'''

lemma unitary_mat_of_corthogonal:
  assumes ws: "corthogonal ws" "set ws \<subseteq> carrier_vec m" "length ws = m"
  shows "unitary_mat m (mat_of_cols m (map cnormalize ws))"
proof -
  define us where "us = map cnormalize ws"
  define W where "W = mat_of_cols m us"
  have lus: "length us = m" unfolding us_def using ws by simp
  have wsc: "\<And>i. i < m \<Longrightarrow> ws ! i \<in> carrier_vec m" using ws by auto
  have usc: "\<And>i. i < m \<Longrightarrow> us ! i \<in> carrier_vec m" unfolding us_def using wsc ws(3) by simp
  have Wc: "W \<in> carrier_mat m m" unfolding W_def using lus mat_of_cols_carrier(1)[of m us] by metis
  have orth: "us ! j \<bullet>c us ! i = (if i = j then 1 else 0)" if ij: "i < m" "j < m" for i j
  proof (cases "i = j")
    case True
    have "ws ! i \<bullet>c ws ! i \<noteq> 0" using ws(1) ij ws(3) by (simp add: corthogonal_def)
    then show ?thesis
      unfolding us_def using True ij ws(3) cscalar_prod_cnormalize_self[OF wsc[OF ij(1)]] by simp
  next
    case False
    then have "ws ! j \<bullet>c ws ! i = 0" using ws(1) ij ws(3) by (simp add: corthogonal_def)
    then show ?thesis
      unfolding us_def cnormalize_def using False ij ws(3) wsc by (simp add: cscalar_prod_smult[of _ m])
  qed
  have WW: "mat_adjoint W * W = 1\<^sub>m m"
  proof (rule eq_matI)
    fix i j assume "i < dim_row (1\<^sub>m m)" "j < dim_col (1\<^sub>m m)"
    then have ij: "i < m" "j < m" by simp_all
    have "(mat_adjoint W * W) $$ (i, j) = (\<Sum>k<m. us ! j $ k * conjugate (us ! i) $ k)"
      unfolding W_def using ij lus usc[OF ij(1)] usc[OF ij(2)]
      by (simp add: mat_of_cols_index mult.commute)
    also have "\<dots> = us ! j \<bullet>c us ! i"
      unfolding scalar_prod_def using usc[OF ij(1)] by (simp add: atLeast0LessThan)
    finally show "(mat_adjoint W * W) $$ (i, j) = 1\<^sub>m m $$ (i, j)" using orth[OF ij] ij by simp
  qed (insert Wc, simp_all)
  have "W * mat_adjoint W = 1\<^sub>m m"
    using mat_mult_left_right_inverse[OF mat_adjoint_carrier[OF Wc] Wc WW] .
  with Wc WW show ?thesis unfolding unitary_mat_def W_def us_def by blast
qed
(* Every $(F,G)\in\mathcal F^{(1)}$ is a $1$-uniform dual pair; that is, $\langle f_i,g_i\rangle=\frac nN$ for all $1\le i\le N$.
   Context: $\mathcal H$ is a complex Hilbert space of finite dimension $n$, inner product linear in the first argument. A finite sequence $F=\{f_i\}_{i=1}^N$ in $\mathcal H$ is a frame if there are constants $0<A\le B$ with $A\|f\|^2\le\sum_{i=1}^N|\langle f,f_i\rangle|^2\le B\|f\|^2$ for all $f$. A sequence $G=\{g_i\}_{i=1}^N$ is a dual of $F$ if $f=\sum_{i=1}^N\langle f,g_i\rangle f_i$ for all $f$; then $(F,G)$ is an $(N,n)$ dual pair. A dual pair is $1$-uniform if $\langle f_i,g_i\rangle$ is independent of $i$. The error operator for $\Lambda\subseteq\{1,\dots,N\}$ is $E_{\Lambda,F,G}f=\sum_{i\in\Lambda}\langle f,f_i\rangle g_i$. With $\|T\|_{\mathcal F}=\sqrt{\operatorname{tr}(T^*T)}$, $\epsilon^{(1)}_{F,G}=\max_{1\le i\le N}\|E_{\{i\},F,G}\|_{\mathcal F}$, $\epsilon^{(1)}=\inf\{\epsilon^{(1)}_{F,G}:(F,G)\text{ an }(N,n)\text{ dual pair}\}$, $\mathcal F^{(1)}=\{(F,G):\epsilon^{(1)}_{F,G}=\epsilon^{(1)}\}$. *)

theory Defs
  imports "HOL-Analysis.Analysis"
begin

text \<open>The n-dimensional complex Hilbert space is modelled as complex^'n with CARD('n) = n,
  with the standard inner product, linear in the first argument.\<close>

definition cinner :: "complex^'n \<Rightarrow> complex^'n \<Rightarrow> complex" where
  "cinner x y = (\<Sum>j\<in>UNIV. x$j * cnj (y$j))"

definition hnorm :: "complex^'n \<Rightarrow> real" where
  "hnorm x = sqrt (Re (cinner x x))"

definition is_frame :: "nat \<Rightarrow> (nat \<Rightarrow> complex^'n) \<Rightarrow> bool" where
  "is_frame N F \<longleftrightarrow> (\<exists>A B. 0 < A \<and> A \<le> B \<and>
     (\<forall>f. A * (hnorm f)^2 \<le> (\<Sum>i=1..N. (cmod (cinner f (F i)))^2) \<and>
          (\<Sum>i=1..N. (cmod (cinner f (F i)))^2) \<le> B * (hnorm f)^2))"

definition is_dual :: "nat \<Rightarrow> (nat \<Rightarrow> complex^'n) \<Rightarrow> (nat \<Rightarrow> complex^'n) \<Rightarrow> bool" where
  "is_dual N F G \<longleftrightarrow> (\<forall>f. f = (\<Sum>i=1..N. cinner f (G i) *s F i))"

definition dual_pair :: "nat \<Rightarrow> (nat \<Rightarrow> complex^'n) \<Rightarrow> (nat \<Rightarrow> complex^'n) \<Rightarrow> bool" where
  "dual_pair N F G \<longleftrightarrow> is_frame N F \<and> is_dual N F G"

definition uniform1 :: "nat \<Rightarrow> (nat \<Rightarrow> complex^'n) \<Rightarrow> (nat \<Rightarrow> complex^'n) \<Rightarrow> bool" where
  "uniform1 N F G \<longleftrightarrow> (\<forall>i\<in>{1..N}. \<forall>j\<in>{1..N}. cinner (F i) (G i) = cinner (F j) (G j))"

definition err_op :: "(nat \<Rightarrow> complex^'n) \<Rightarrow> (nat \<Rightarrow> complex^'n) \<Rightarrow> nat set \<Rightarrow> complex^'n \<Rightarrow> complex^'n" where
  "err_op F G \<Lambda> f = (\<Sum>i\<in>\<Lambda>. cinner f (F i) *s G i)"

definition conj_transpose :: "complex^'m^'n \<Rightarrow> complex^'n^'m" where
  "conj_transpose M = (\<chi> i j. cnj (M$j$i))"

text \<open>Frobenius norm sqrt(tr(T* T)), computed on the matrix of T in the standard (orthonormal) basis\<close>
definition frob_norm :: "(complex^'n \<Rightarrow> complex^'n) \<Rightarrow> real" where
  "frob_norm T = sqrt (Re (trace (conj_transpose (matrix T) ** matrix T)))"

definition eps1_pair :: "nat \<Rightarrow> (nat \<Rightarrow> complex^'n) \<Rightarrow> (nat \<Rightarrow> complex^'n) \<Rightarrow> real" where
  "eps1_pair N F G = Max ((\<lambda>i. frob_norm (err_op F G {i})) ` {1..N})"

definition eps1 :: "nat \<Rightarrow> 'n::finite itself \<Rightarrow> real" where
  "eps1 N _ = Inf {eps1_pair N F G | F (G :: nat \<Rightarrow> complex^'n). dual_pair N F G}"

definition optF1 :: "nat \<Rightarrow> 'n::finite itself \<Rightarrow> ((nat \<Rightarrow> complex^'n) \<times> (nat \<Rightarrow> complex^'n)) set" where
  "optF1 N _ = {(F, G). dual_pair N F G \<and> eps1_pair N F G = eps1 N TYPE('n)}"

end

theory Submission
  imports Defs
begin

text \<open>By Cauchy--Schwarz, \<open>|\<langle>f\<^sub>i, g\<^sub>i\<rangle>| \<le> \<parallel>f\<^sub>i\<parallel> \<parallel>g\<^sub>i\<parallel>\<close>, and \<open>\<parallel>f\<^sub>i\<parallel> \<parallel>g\<^sub>i\<parallel>\<close> is the
  Frobenius norm of the rank-one error operator \<open>E\<^bsub>{i}\<^esub>\<close>, hence at most \<open>\<epsilon>\<^sub>F\<^sub>,\<^sub>G\<close>.
  The harmonic frame (rows of the normalised \<open>N \<times> N\<close> Fourier matrix restricted to \<open>n\<close>
  columns) is a Parseval frame with all \<open>\<parallel>f\<^sub>i\<parallel>\<^sup>2 = n/N\<close>, so for an optimal pair
  \<open>|\<langle>f\<^sub>i, g\<^sub>i\<rangle>| \<le> n/N\<close> for every \<open>i\<close>. On the other hand \<open>\<Sum>\<^sub>i \<langle>f\<^sub>i, g\<^sub>i\<rangle> = tr(id) = n\<close>, and
  \<open>N\<close> complex numbers of modulus at most \<open>n/N\<close> can only sum to \<open>n\<close> if each equals \<open>n/N\<close>.\<close>

lemma Re_cinner_self: "Re (cinner x x) = (\<Sum>j\<in>UNIV. (cmod (x$j))^2)"
  unfolding cinner_def by (simp add: complex_mult_cnj cmod_def power2_eq_square Re_sum)

lemma hnorm_eq_norm_cmod: "hnorm x = norm (\<chi> j. cmod (x$j))"
  unfolding hnorm_def norm_vec_def L2_set_def Re_cinner_self by simp

lemma hnorm_power2: "(hnorm x)^2 = (\<Sum>j\<in>UNIV. (cmod (x$j))^2)"
  unfolding hnorm_def Re_cinner_self by (simp add: sum_nonneg)

lemma hnorm_nonneg: "0 \<le> hnorm x"
  by (simp add: hnorm_eq_norm_cmod)

lemma cmod_cinner_le: "cmod (cinner x y) \<le> hnorm x * hnorm y"
proof -
  have "cmod (cinner x y) \<le> (\<Sum>j\<in>UNIV. cmod (x$j) * cmod (y$j))"
    unfolding cinner_def by (rule order_trans[OF norm_sum]) (simp add: norm_mult)
  also have "\<dots> = (\<chi> j. cmod (x$j)) \<bullet> (\<chi> j. cmod (y$j))"
    by (simp add: inner_vec_def)
  also have "\<dots> \<le> hnorm x * hnorm y"
    unfolding hnorm_eq_norm_cmod by (rule norm_cauchy_schwarz)
  finally show ?thesis .
qed

lemma cinner_axis_left: "cinner (axis k 1) y = cnj (y $ k)"
proof -
  have "(\<Sum>j\<in>UNIV. (if j = k then 1 else 0) * cnj (y $ j)) = cnj (y $ k)"
    by (simp add: if_distrib[of "\<lambda>x. x * _"] cong: if_cong)
  thus ?thesis by (simp add: cinner_def axis_def)
qed

lemma cinner_commute: "cinner y x = cnj (cinner x y)"
  unfolding cinner_def by (simp add: mult.commute)

lemma cinner_sum_left: "cinner (\<Sum>i\<in>I. c i *s v i) y = (\<Sum>i\<in>I. c i * cinner (v i) y)"
  unfolding cinner_def
  by (simp add: sum_component sum_distrib_left sum_distrib_right mult_ac sum.swap[of _ I])

lemma of_real_cmod_power2: "(complex_of_real (cmod a))^2 = a * cnj a"
  by (subst of_real_power[symmetric], rule complex_norm_square)

lemma eq_of_sum_eq_card_mult_bound:
  fixes z :: "'a \<Rightarrow> complex"
  assumes "finite A"
    and sum: "(\<Sum>i\<in>A. z i) = of_real (real (card A) * c)"
    and bound: "\<And>i. i \<in> A \<Longrightarrow> cmod (z i) \<le> c"
    and i: "i \<in> A"
  shows "z i = of_real c"
proof -
  have "(\<Sum>i\<in>A. c - Re (z i)) = 0"
    using arg_cong[OF sum, of Re] by (simp add: Re_sum sum_subtractf)
  moreover have "Re (z i) \<le> c" if "i \<in> A" for i
    using bound[OF that] complex_Re_le_cmod order_trans by blast
  ultimately have Re_eq: "Re (z i) = c"
    using sum_nonneg_eq_0_iff[of A "\<lambda>i. c - Re (z i)"] \<open>finite A\<close> i by auto
  have "(cmod (z i))^2 \<le> (Re (z i))^2"
    using bound[OF i] Re_eq by (intro power_mono) auto
  hence "Im (z i) = 0"
    unfolding cmod_power2 by simp
  thus ?thesis
    using Re_eq by (simp add: complex_eq_iff)
qed

subsection \<open>Single-coefficient error operators\<close>

lemma matrix_err_op_singleton: "matrix (err_op F G {i}) $ r $ c = cnj (F i $ c) * G i $ r"
  by (simp add: matrix_def err_op_def cinner_axis_left)

lemma frob_norm_err_op_singleton: "frob_norm (err_op F G {i}) = hnorm (F i) * hnorm (G i)"
proof -
  let ?T = "conj_transpose (matrix (err_op F G {i})) ** matrix (err_op F G {i})"
  have "trace ?T = (\<Sum>c\<in>UNIV. \<Sum>r\<in>UNIV. of_real ((cmod (F i $ c))^2 * (cmod (G i $ r))^2))"
    unfolding trace_def conj_transpose_def matrix_matrix_mult_def
    by (auto simp: matrix_err_op_singleton of_real_cmod_power2 mult_ac intro!: sum.cong)
  hence "Re (trace ?T) = (\<Sum>c\<in>UNIV. (cmod (F i $ c))^2) * (\<Sum>r\<in>UNIV. (cmod (G i $ r))^2)"
    by (simp add: Re_sum sum_product)
  also have "\<dots> = (hnorm (F i) * hnorm (G i))^2"
    by (simp add: hnorm_power2 power_mult_distrib)
  finally show ?thesis
    unfolding frob_norm_def by (simp add: hnorm_nonneg)
qed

'''

_Task goal_
Write out the records above exactly, from the opening line to the line with "define W where", including both, with nothing added.

_Written solution_
lemma unitary_mat_of_corthogonal:
  assumes ws: "corthogonal ws" "set ws \<subseteq> carrier_vec m" "length ws = m"
  shows "unitary_mat m (mat_of_cols m (map cnormalize ws))"
proof -
  define us where "us = map cnormalize ws"
  define W where "W = mat_of_cols m us"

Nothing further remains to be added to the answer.